Officially, up to that point, I had only lost my paid services and I was still part of the volunteer news staff. However, in attempting to file my next school board report, I was told by the News Director, Paul Hanson, what had become the unwritten official policy of the station: “You can’t write for the AVA and expect to work for us.”
It was the culmination of the writing on the wall (done in invisible ink) where months before the ax fell. I warned fellow stringers that their job security was at risk. Hanson’s attitude toward volunteers was that he was the big cheese from the city with commercial radio experience and we were just local country mice who should be content to feed off his largesse.
That was, of course, before his nefarious exploit of the dark world of lottery fraud (which made the front page of Portland’s Oregonian newspaper) became known in the tiny hamlet of Philo. The exposé dropped into the hands of the station’s Public Enemy #1 — the diligent editor of this publication.
I watched in dismay as I saw the carefully constructed cooperative news department built through more than ten years of hard work by the previous News Director, Annie Esposito, be dismantled piece by piece.
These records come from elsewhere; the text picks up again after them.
(* Let ${\bf r}=(r_0,r_1,\dots)$ be a finitely supported sequence of nonnegative integers with $n=\sum_{d\ge1}r_d\ge1$ and $\ell=-\sum_{d\ge0}(d-1)r_d\ge1$, and let $k\ge0$ be an integer. Then $$|\mathcal{CF}_{{\bf r},k}|=\binom{n}{r_1,r_2,\dots}\,\ell\,1^{r_1}2^{r_2}3^{r_3}\cdots\prod_{i=1}^{n-1}\big(r_0+i(1+k)\big).$$
   Context: A plane tree is an unlabelled rooted tree in which the children of every vertex are linearly ordered; a plane forest is a finite linearly ordered sequence of plane trees. For vertices $u,v$ in a tree, $v$ is a descendant of $u$ if $u$ lies on the path from the root to $v$ (so $u$ is a descendant of itself). The degree $d_v$ is the number of children of $v$; $v$ is internal if $d_v\ge1$. $I(F)$ is the set of internal vertices of $F$. A plane forest has type ${\bf r}$ if it has exactly $r_i$ vertices of degree $i$ for all $i\ge0$. A labelled forest is a plane forest $F$ together with a bijection (labelling) $I(F)\to[n]$. An internal vertex $v$ of a labelled forest is proper if no internal descendant of $v$ has a smaller label than $v$, and improper otherwise. Fix colors $c_1,c_2,\dots$ and distinct special colors $c_1',c_2',\dots$. A proper $k$-coloring of a labelled forest assigns to each internal vertex $v$ a color, taken from $\{c_1,\dots,c_{d_v}\}$ if $v$ is proper and from $\{c_1,\dots,c_{d_v}\}\cup\{c_1',\dots,c_k'\}$ if $v$ is improper. A $k$-colored labelled forest is a labelled forest together with a proper $k$-coloring; $\mathcal{CF}_{{\bf r},k}$ is the set of $k$-colored labelled forests whose underlying plane forest has type ${\bf r}$. *)

theory Defs
  imports Main
begin

datatype ptree = Node "ptree list"

fun children :: "ptree \<Rightarrow> ptree list" where
  "children (Node ts) = ts"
So that is how the “enemies list” at the station gets formed — not by true acts of espionage, lies or destruction but by affiliation with a growing base of critics who want more community involvement in public radio’s decisions and true representation by members of the Board.
The formation of KZYX Members for Change is meant to be a positive step toward building a union for the protection of, not only volunteer, programmer and membership rights but also as support for Board members who have the courage to defy the “one think” philosophy of current management. It is a consensus based, equality driven, loosely organized group with no head or leadership figure.
In trying to get signatures for a petition to the Board to implement common sense democratic practices like the publishing of the Board’s agenda online and a monthly on air Board Open Lines program, we found it necessary to amend our petition to include space for ex members and listeners as we discovered that so many people no longer choose to support the station with donations.
The term “team player” in vogue with the governance structure of KZYZ&Z is just a euphemism for “our way or the highway” or, dare one say, the other red button “F” word one rarely uses today — fascism.
When the Board of Directors rises to the task of setting in place the infrastructure for communication not only between themselves and KZYX listeners and members but among the members themselves as is their right so stated in the station’s Bylaws, my work as a community witness, reporter, and union builder in regard to station business will become unnecessary and thus, will fade away.
It is sad to watch the station circle its wagons and play the blame game when all that is needed is an open mind and the will to democratize the decision making process for a true sense of public radio as community driven.
The next meeting of the KZYX Board of Directors will be on March 3rd at the Fort Bragg Senior Center at 6pm.
The author wishes to acknowledge the contribution of the late Hunter S. Thompson to the title and for inspiration for this article.